The wage hike would help workers at the plant in Silao, Mexico, deal with runaway inflation in the country, currently over 7 percent. GM countered with a proposed wage increase of 3.5 percent, which SINTTIA, the newly formed union at the plant, called a slap in the face.
Reuters calls the trucks profitable, which is an understatement. The Chevrolet Silverado (badged the Cheyenne in Mexico) and the GMC Sierra are veritable cash cows for the U.S. auto giant. The trucks have given GM a 32.5 percent market share in their segment of the U.S. auto market — or just about a third of all truck sales in the U.S. That’s probably a big chunk of the profits that GM recently posted.
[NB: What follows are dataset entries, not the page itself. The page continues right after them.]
(* Let $q$ be a prime number and $\mathbb{A}=\mathbb{Q}\cap[-1,0[$. Then $\mathbb{A}\text{-}\mathcal{KS}(q^{2})=\emptyset$.
   Context: Every nonzero rational $\alpha$ is written $\alpha=\alpha_1/\alpha_2$ with $\alpha_1\in\mathbb{Z}$, $\alpha_2$ a positive integer and $\gcd(\alpha_1,\alpha_2)=1$. For an integer $N\ge 2$ and a nonzero rational $\alpha=\alpha_1/\alpha_2$, $N$ is called an $\alpha$-Korselt number if $N\neq\alpha$ and $\alpha_2p-\alpha_1$ divides $\alpha_2N-\alpha_1$ (in $\mathbb{Z}$) for every prime divisor $p$ of $N$. For a subset $\mathbb{A}\subseteq\mathbb{Q}$, $\mathbb{A}\text{-}\mathcal{KS}(N)$ denotes the set of all $\beta\in\mathbb{A}\setminus\{0,N\}$ such that $N$ is a $\beta$-Korselt number. $[-1,0[$ denotes the half-open interval $\{x:-1\le x<0\}$. *)

theory Defs
  imports Complex_Main "HOL-Computational_Algebra.Primes"
begin

text \<open>alpha = a1/a2 in lowest terms with a2 > 0 is given by quotient_of.\<close>
definition korselt :: "nat \<Rightarrow> rat \<Rightarrow> bool" where
  "korselt N \<alpha> \<longleftrightarrow> N \<ge> 2 \<and> \<alpha> \<noteq> 0 \<and> \<alpha> \<noteq> of_nat N \<and>
     (let (a1, a2) = quotient_of \<alpha> in
       \<forall>p::nat. prime p \<and> p dvd N \<longrightarrow> (a2 * int p - a1) dvd (a2 * int N - a1))"

definition KS :: "rat set \<Rightarrow> nat \<Rightarrow> rat set" where
  "KS A N = {\<beta> \<in> A - {0, of_nat N}. korselt N \<beta>}"

end

theory Submission
  imports Defs
begin

text \<open>Write \<open>\<beta> = a\<^sub>1/a\<^sub>2\<close> and take the prime divisor \<open>q\<close> of \<open>q\<^sup>2\<close>. Since
  \<open>a\<^sub>2q\<^sup>2 - a\<^sub>1 = q(a\<^sub>2q - a\<^sub>1) + a\<^sub>1(q - 1)\<close>, the Korselt condition forces
  \<open>a\<^sub>2q - a\<^sub>1\<close> to divide \<open>-a\<^sub>1(q - 1)\<close>. For \<open>-1 \<le> \<beta> < 0\<close> the latter is positive but
  \<open>-a\<^sub>1(q - 1) < -a\<^sub>1q \<le> a\<^sub>2q < a\<^sub>2q - a\<^sub>1\<close>, which is impossible.\<close>

lemma korselt_dvd:
  assumes "korselt N \<beta>" "quotient_of \<beta> = (a1, a2)" "prime p" "p dvd N"
  shows "(a2 * int p - a1) dvd (a2 * int N - a1)"
  using assms unfolding korselt_def by auto

lemma quotient_of_ge_minus_one_neg:
  assumes "quotient_of \<beta> = (a1, a2)" "-1 \<le> \<beta>" "\<beta> < 0"
  shows "a1 < 0" "-a1 \<le> a2"
proof -
  have a2: "a2 > 0" using quotient_of_denom_pos[OF assms(1)] .
  have \<beta>: "\<beta> = of_int a1 / of_int a2" using quotient_of_div[OF assms(1)] .
  show "a1 < 0"
    using assms(3) a2 by (simp add: \<beta> divide_less_0_iff)
  have "- of_int a2 \<le> (of_int a1 :: rat)"
    using assms(2) a2 by (simp add: \<beta> le_divide_eq)
  then show "-a1 \<le> a2" by linarith
qed

lemma not_dvd_shifted_square:
  fixes a1 a2 q :: int
  assumes "a1 < 0" "-a1 \<le> a2" "q \<ge> 2"
  shows "\<not> (a2 * q - a1) dvd (a2 * q^2 - a1)"
proof
  assume dvd: "(a2 * q - a1) dvd (a2 * q^2 - a1)"
  have "a2 * q^2 - a1 = q * (a2 * q - a1) + a1 * (q - 1)"
    by (simp add: algebra_simps power2_eq_square)
  with dvd have "(a2 * q - a1) dvd (-a1) * (q - 1)"
    by (metis dvd_add_right_iff dvd_triv_right dvd_minus_iff mult_minus_left)
  moreover have "(-a1) * (q - 1) > 0"
    using assms by (intro mult_pos_pos) auto
  ultimately have "a2 * q - a1 \<le> (-a1) * (q - 1)"
    by (simp add: zdvd_imp_le)
  also have "\<dots> < (-a1) * q"
    using assms by simp
  also have "\<dots> \<le> a2 * q"
    using assms by (intro mult_right_mono) auto
  finally show False
    using assms by simp
qed

theorem corollary5p8:
  fixes q :: nat
  assumes "prime q"
  shows "KS {\<beta>::rat. -1 \<le> \<beta> \<and> \<beta> < 0} (q^2) = {}"
proof (rule ccontr)
  assume "KS {\<beta>::rat. -1 \<le> \<beta> \<and> \<beta> < 0} (q^2) \<noteq> {}"
  then obtain \<beta> where \<beta>: "-1 \<le> \<beta>" "\<beta> < 0" "korselt (q^2) \<beta>"
    unfolding KS_def by auto
  obtain a1 a2 where quot: "quotient_of \<beta> = (a1, a2)"
    by (cases "quotient_of \<beta>")
  have "(a2 * int q - a1) dvd (a2 * (int q)^2 - a1)"
    using korselt_dvd[OF \<beta>(3) quot assms] by simp
  moreover have "int q \<ge> 2"
    using prime_ge_2_nat[OF assms] by simp
  ultimately show False
    using not_dvd_shifted_square quotient_of_ge_minus_one_neg[OF quot \<beta>(1,2)] by blast
qed

end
The automaker expects to make somewhere between $9.6 and $11.6 billion in 2022. These projections, along with new labor laws that are part of the USMCA agreement, have empowered GM workers in Mexico to finally ask the carmaker to address the wage disparity between workers in the U.S. and Mexico. GM factory workers in the U.S. start at $17.50 per hour.
Alejandra Morales is the Secretary General of the plant’s new labor union, SINTTIA (translated: National Independent Labor Union Of Automotive Workmen And Workwomen). Morales told Reuters that the requested raise would help combat inflation, account for the plant’s increased output, and fight the slumping purchasing power of the peso in a time when GM’s profits, in U.S. dollars, are strong.
The independent SINTTIA union replaced another union that operated largely unopposed at Silao for some 25 years. In that time, the union allegedly represented members poorly and was accused of corruption and bribes meant to keep worker pay low.
The deadline for negotiations is May 31, and SINTTIA says it’s ready to strike. Workers are reportedly not optimistic about the pay increase.